Fig. 8. (a) Absorption of Rb as measured through the fiber. After turning on the desorption beam, the absorption profile implies the generation of a very large atomic population. (b) EIT generated by a 361 nW control beam. Inset shows EIT in presence of optical pumping [60].
Fig. 9. (a) The particle in a diverging beam experiences a force towards the higher intensity region and (b) The force experienced by the particle at various distances from the fiber face. Solid circles represent experimental data while the solid curve denotes the calculated force from theory [64].
Mandal et al. [65] have extended the result to demonstrate transport of polystyrene particles through liquid media. The core of a 19-cell HC-PBGF was selectively filled by collapsing the surrounding capillaries at one end and was then dipped into and filled with deionised water. Polystyrene particles were introduced into the deionised water reservoir and a 488-nm laser (210 mW) was coupled into the fiber from the other end to demonstrate transport of particles over a distance of 2 cm. This technique also demonstrated optically induced separation of particles into distinct bands which has potential applications to separation of particles based on size and mass.
In a recent experiment [66], transport of Rb atoms through a HC-PBGF was demonstrated. A beam of Rb atoms is generated using an oven and collimator slits. This beam is incident on a fiber through which light is coupled from the other side. The light is suitably red-detuned from resonance generating an attractive dipole potential for the Rb atoms. The transported atoms were recorded on the other side using a channeltron, and atom fluxes as high as 300 atoms/s were demonstrated.
7. Perspective
The unique HC-PBGF goemetry has opened new doors for pushing the limits of nonlinear optics. The required threshold power for processes such as SRS has been considerably lowered, and the demonstrated conversion eficiencies have been greatly improved. The SRS technique has applications in generation of sub-femtosecond pulses, and numerous groups are working towards using the gas-filled hollow-core fibers as high-gain media for making efficient Raman laser oscillators.

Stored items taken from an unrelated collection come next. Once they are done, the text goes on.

(* Let $x\in V^p([0,T],\mathcal L(\mathbb V,\mathbb W))$ and $y\in V^q([0,T],\mathbb V)$ with $\frac1p+\frac1q>1$. If $x$ is càdlàg, then for every $t\in[0,T]$ $$\int_0^tx_r\,d\overleftarrow{y_r}-\int_0^tx_r\,dy_r=\sum_{0<r\le t}\Delta^-x_r\,\Delta^-y_r.$$ If $y$ is càglàd, then for every $t\in[0,T]$ $$\int_0^tx_r\,d\overleftarrow{y_r}-\int_0^tx_r\,dy_r=\sum_{0\le r<t}\Delta^+x_r\,\Delta^+y_r.$$ In particular, if $x$ is càdlàg and $y$ is càglàd, the backward and forward Young integrals coincide.
   Context: $\mathbb V,\mathbb W$ finite-dimensional Banach spaces; $V^p([0,T],E)$ the paths of finite $p$-variation; $\Delta^-x_t:=x_t-x_{t-}$, $\Delta^+x_t:=x_{t+}-x_t$. The backward Young integral $\int_0^tx_r\,d\overleftarrow{y_r}$ is the (RRS) limit of $\sum_ix_{t_{i+1}}(y_{t_{i+1}}-y_{t_i})$ and the forward Young integral $\int_0^tx_rdy_r$ the (RRS) limit of $\sum_ix_{t_i}(y_{t_{i+1}}-y_{t_i})$, over partitions of $[0,t]$; RRS limit means: for every $\varepsilon$ there is a partition such that all refinements give sums within $\varepsilon$ of the limit. *)

theory Defs
  imports "HOL-Analysis.Analysis"
begin

definition partition_of :: "real \<Rightarrow> real \<Rightarrow> real set \<Rightarrow> bool" where
  "partition_of a b P \<longleftrightarrow> finite P \<and> P \<subseteq> {a..b} \<and> a \<in> P \<and> b \<in> P"

definition pvar_sum :: "real \<Rightarrow> (real \<Rightarrow> 'a::real_normed_vector) \<Rightarrow> real set \<Rightarrow> real" where
  "pvar_sum p f P = (let ts = sorted_list_of_set P in
     (\<Sum>i<length ts - 1. norm (f (ts ! Suc i) - f (ts ! i)) powr p))"

definition finite_pvar :: "real \<Rightarrow> real \<Rightarrow> real \<Rightarrow> (real \<Rightarrow> 'a::real_normed_vector) \<Rightarrow> bool" where
  "finite_pvar p a b f \<longleftrightarrow> (\<exists>M. \<forall>P. partition_of a b P \<longrightarrow> pvar_sum p f P \<le> M)"

definition fwd_sum :: "(real \<Rightarrow> 'v::real_normed_vector \<Rightarrow>\<^sub>L 'w::real_normed_vector) \<Rightarrow> (real \<Rightarrow> 'v) \<Rightarrow> real set \<Rightarrow> 'w" where
  "fwd_sum x y P = (let ts = sorted_list_of_set P in
     (\<Sum>i<length ts - 1. blinfun_apply (x (ts ! i)) (y (ts ! Suc i) - y (ts ! i))))"

definition bwd_sum :: "(real \<Rightarrow> 'v::real_normed_vector \<Rightarrow>\<^sub>L 'w::real_normed_vector) \<Rightarrow> (real \<Rightarrow> 'v) \<Rightarrow> real set \<Rightarrow> 'w" where
  "bwd_sum x y P = (let ts = sorted_list_of_set P in
     (\<Sum>i<length ts - 1. blinfun_apply (x (ts ! Suc i)) (y (ts ! Suc i) - y (ts ! i))))"

definition RRS_has_limit :: "(real set \<Rightarrow> 'a::real_normed_vector) \<Rightarrow> real \<Rightarrow> 'a \<Rightarrow> bool" where
  "RRS_has_limit S t I \<longleftrightarrow>
     (\<forall>\<epsilon>>0. \<exists>P0. partition_of 0 t P0 \<and>
        (\<forall>P. partition_of 0 t P \<and> P0 \<subseteq> P \<longrightarrow> norm (S P - I) < \<epsilon>))"

definition has_fwd_young :: "(real \<Rightarrow> 'v::real_normed_vector \<Rightarrow>\<^sub>L 'w::real_normed_vector) \<Rightarrow> (real \<Rightarrow> 'v) \<Rightarrow> real \<Rightarrow> 'w \<Rightarrow> bool" where
  "has_fwd_young x y t I \<longleftrightarrow> RRS_has_limit (fwd_sum x y) t I"

definition has_bwd_young :: "(real \<Rightarrow> 'v::real_normed_vector \<Rightarrow>\<^sub>L 'w::real_normed_vector) \<Rightarrow> (real \<Rightarrow> 'v) \<Rightarrow> real \<Rightarrow> 'w \<Rightarrow> bool" where
  "has_bwd_young x y t I \<longleftrightarrow> RRS_has_limit (bwd_sum x y) t I"

definition left_lim :: "(real \<Rightarrow> 'a::t2_space) \<Rightarrow> real \<Rightarrow> 'a" where
  "left_lim f t = Lim (at_left t) f"

definition right_lim :: "(real \<Rightarrow> 'a::t2_space) \<Rightarrow> real \<Rightarrow> 'a" where
  "right_lim f t = Lim (at_right t) f"

definition jump_left :: "(real \<Rightarrow> 'a::real_normed_vector) \<Rightarrow> real \<Rightarrow> 'a" where
  "jump_left f t = f t - left_lim f t"

definition jump_right :: "(real \<Rightarrow> 'a::real_normed_vector) \<Rightarrow> real \<Rightarrow> 'a" where
  "jump_right f t = right_lim f t - f t"

definition cadlag_on :: "real \<Rightarrow> (real \<Rightarrow> 'a::topological_space) \<Rightarrow> bool" where
  "cadlag_on T f \<longleftrightarrow> (\<forall>t\<in>{0..<T}. continuous (at_right t) f) \<and>
                      (\<forall>t\<in>{0<..T}. \<exists>l. (f \<longlongrightarrow> l) (at_left t))"

definition caglad_on :: "real \<Rightarrow> (real \<Rightarrow> 'a::topological_space) \<Rightarrow> bool" where
  "caglad_on T f \<longleftrightarrow> (\<forall>t\<in>{0<..T}. continuous (at_left t) f) \<and>
                      (\<forall>t\<in>{0..<T}. \<exists>l. (f \<longlongrightarrow> l) (at_right t))"

end

theory Submission
  imports Defs
begin

(*
  The backward and forward Riemann sums of a partition differ by its covariation sum, the sum over
  the cells [s, s'] of (x s' - x s)(y s' - y s). Both paths are controlled by the superadditive
  function omega(a, b) = sup over partitions of [a, b] of the p-variation of x plus the q-variation
  of y: |x b - x a| <= omega(a, b) powr (1/p) and |y b - y a| <= omega(a, b) powr (1/q).

  A cell [s, s'] is e-fine if omega(s+, s') <= e or omega(s, s'-) <= e. Every [0, t] has e-fine
  partitions (by compactness), and their refinements stay e-fine. On e-fine cells Young's
  point-removal argument bounds the error of a germ with Young-type defect by a constant times
  e powr kappa * omega(s, s') powr theta, where theta > 1 and kappa > 0; for the germ
  x a (y b - y a) this is the sewing lemma, which gives the forward integral. On an e-fine cell the
  covariation increment differs from Delta+ x s Delta+ y s + Delta- x s' Delta- y s' by the same
  kind of bound, so along refinements the covariation sums converge to the sum of the products of
  left jumps plus the sum of the products of right jumps. The right jumps of a cadlag x and the left
  jumps of a caglad y vanish.
*)

section \<open>Partitions and sums over their cells\<close>

definition next_point :: "real set \<Rightarrow> real \<Rightarrow> real" where
  "next_point P s = Min {u\<in>P. s < u}"

definition partition_sum :: "(real \<Rightarrow> real \<Rightarrow> 'a::comm_monoid_add) \<Rightarrow> real set \<Rightarrow> 'a" where
  "partition_sum g P = (\<Sum>s\<in>{s\<in>P. s < Max P}. g s (next_point P s))"

lemma
  assumes "finite P" "s \<in> P" "s < Max P"
  shows next_point_in: "next_point P s \<in> P"
    and next_point_gt: "s < next_point P s"
    and next_point_le: "\<And>u. u \<in> P \<Longrightarrow> s < u \<Longrightarrow> next_point P s \<le> u"
proof -
  have "Max P \<in> P" using assms by (intro Max_in) auto
  then have ne: "{u\<in>P. s < u} \<noteq> {}" using assms by blast
  have fin: "finite {u\<in>P. s < u}" using assms by auto
  show "next_point P s \<in> P" "s < next_point P s" using Min_in[OF fin ne] unfolding next_point_def by auto
  show "\<And>u. u \<in> P \<Longrightarrow> s < u \<Longrightarrow> next_point P s \<le> u" unfolding next_point_def using fin by auto
qed

lemma next_point_eqI:
  assumes "finite P" "r \<in> P" "s < r" "\<And>u. u \<in> P \<Longrightarrow> s < u \<Longrightarrow> r \<le> u"
  shows "next_point P s = r"
  unfolding next_point_def using assms by (intro Min_eqI) auto

lemma next_point_subset:
  assumes "finite P" "Q \<subseteq> P" "s \<in> Q" "s < Max P" "next_point P s \<in> Q"
  shows "next_point Q s = next_point P s"
  using assms next_point_gt[OF assms(1) _ assms(4)] next_point_le[OF assms(1) _ assms(4)]
  by (intro next_point_eqI) (auto intro: finite_subset)

lemma next_point_pair: "a < b \<Longrightarrow> next_point {a, b} a = b"
  by (intro next_point_eqI) auto

lemma next_point_strict_mono:
  assumes "finite P" "s1 \<in> P" "s2 \<in> P" "s1 < s2" "s2 < Max P"
  shows "next_point P s1 < next_point P s2"
proof -
  have "next_point P s1 \<le> s2" using assms by (intro next_point_le) auto
  then show ?thesis using next_point_gt[OF assms(1,3,5)] by auto
qed

lemma next_point_Max_below:
  assumes P: "finite P" "r \<in> P" "Min P < r"
  defines "s \<equiv> Max {u\<in>P. u < r}"
  shows "s \<in> P" "s < Max P" "next_point P s = r"
proof -
  have "Min P \<in> {u\<in>P. u < r}" using P Min_in by fastforce
  then have S: "finite {u\<in>P. u < r}" "{u\<in>P. u < r} \<noteq> {}" using P(1) by auto
  show s: "s \<in> P" "s < Max P" using Max_in[OF S] P unfolding s_def by (auto intro: order.strict_trans2)
  show "next_point P s = r"
  proof (rule next_point_eqI[OF P(1,2)])
    show "s < r" using Max_in[OF S] unfolding s_def by auto
    fix u assume u: "u \<in> P" "s < u"
    show "r \<le> u"
    proof (rule ccontr)
      assume "\<not> r \<le> u"
      then have "u \<le> s" using u S(1) unfolding s_def by (intro Max_ge) auto
      then show False using u by simp
    qed
  qed
qed

lemma next_point_bij:
  assumes "finite P"
  shows "bij_betw (next_point P) {s\<in>P. s < Max P} (P - {Min P})"
proof (rule bij_betw_imageI)
  show "inj_on (next_point P) {s \<in> P. s < Max P}"
  proof (rule inj_onI)
    fix a b assume ab: "a \<in> {s \<in> P. s < Max P}" "b \<in> {s \<in> P. s < Max P}"
      and eq: "next_point P a = next_point P b"
    show "a = b"
    proof (rule ccontr)
      assume "a \<noteq> b"
      then consider "a < b" | "b < a" by linarith
      then show False
        using next_point_strict_mono[OF assms, of a b] next_point_strict_mono[OF assms, of b a] ab eq by auto
    qed
  qed
  show "next_point P ` {s \<in> P. s < Max P} = P - {Min P}"
  proof
    show "next_point P ` {s \<in> P. s < Max P} \<subseteq> P - {Min P}"
    proof
      fix r assume "r \<in> next_point P ` {s \<in> P. s < Max P}"
      then obtain s where s: "s \<in> P" "s < Max P" "r = next_point P s" by auto
      then have "r \<in> P" "Min P \<le> s" "s < r" using assms next_point_in next_point_gt by auto
      then show "r \<in> P - {Min P}" by auto
    qed
    show "P - {Min P} \<subseteq> next_point P ` {s \<in> P. s < Max P}"
    proof
      fix r assume r: "r \<in> P - {Min P}"
      then have "Min P \<le> r" using assms by auto
      then have "Min P < r" using r by auto
      note s = next_point_Max_below[OF assms _ this]
      show "r \<in> next_point P ` {s \<in> P. s < Max P}"
        using s r by (intro image_eqI[of r _ "Max {u\<in>P. u < r}"]) auto
    qed
  qed
qed

lemma partition_sum_singleton [simp]: "partition_sum g {a} = 0"
proof -
  have "{s\<in>{a}. s < Max {a}} = {}" by auto
  then show ?thesis unfolding partition_sum_def by (simp only: sum.empty)
qed

lemma partition_sum_pair: "a < b \<Longrightarrow> partition_sum g {a, b} = g a b"
proof -
  assume "a < b"
  then have "{s \<in> {a, b}. s < Max {a, b}} = {a}" by auto
  then show ?thesis unfolding partition_sum_def using next_point_pair[OF \<open>a < b\<close>] by simp
qed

HC-PBGFs can facilitate numerous quantum optical applications. The scheme outlined in Ref. [46] can be potentially realised down to single-photon levels in HC-PBGF geometries where it is possible to have strong atom-photon coupling. One of the main obstacles is the sizable decoherence that arises due to atom-wall collisions in the core. A solution would be to generate cold-atoms either inside the fiber core or outside the core and then transport them into the core. By controlling the transverse motion of atoms optically to control the collisional decoherence, several groups are trying to realise sensitive quantum-optical effects. By confining atoms and the light mode to volumes with transverse areas approaching the atomic scattering cross-sections, effects seen with high-Q cavities such as photon-blockade [67] can be studied. This system can also be used to store and interact quantum information by storing multiple light pulses along the fiber length. Using the recently developed fiber micromachining techniques [55], it might be possible to write electromagnetic cavities into hollow-core fibers by altering the refractive index of the fiber walls, thus improving the atom-photon interaction by orders of magnitude.
These fibers can be used to greatly enhance the nonlinearities for weakly nonlinear materials and can be implemented in many sensitive gas and liquid phase spectroscopic applications. Hollow-core PBGFs may find applications in high harmonic generation (HHG) [68, 69]. By filling a hollow-core PBGF with suitable non-Raman-active gases like the noble gases, the conversion efficiency of HHG can be greatly enhanced due to the long interaction lengths [70]. By preparing a resonant medium like Rb vapor using a weak cw beam [71], it might be possible to demonstrate HHG with very high efficiency inside hollow-core PBGFs.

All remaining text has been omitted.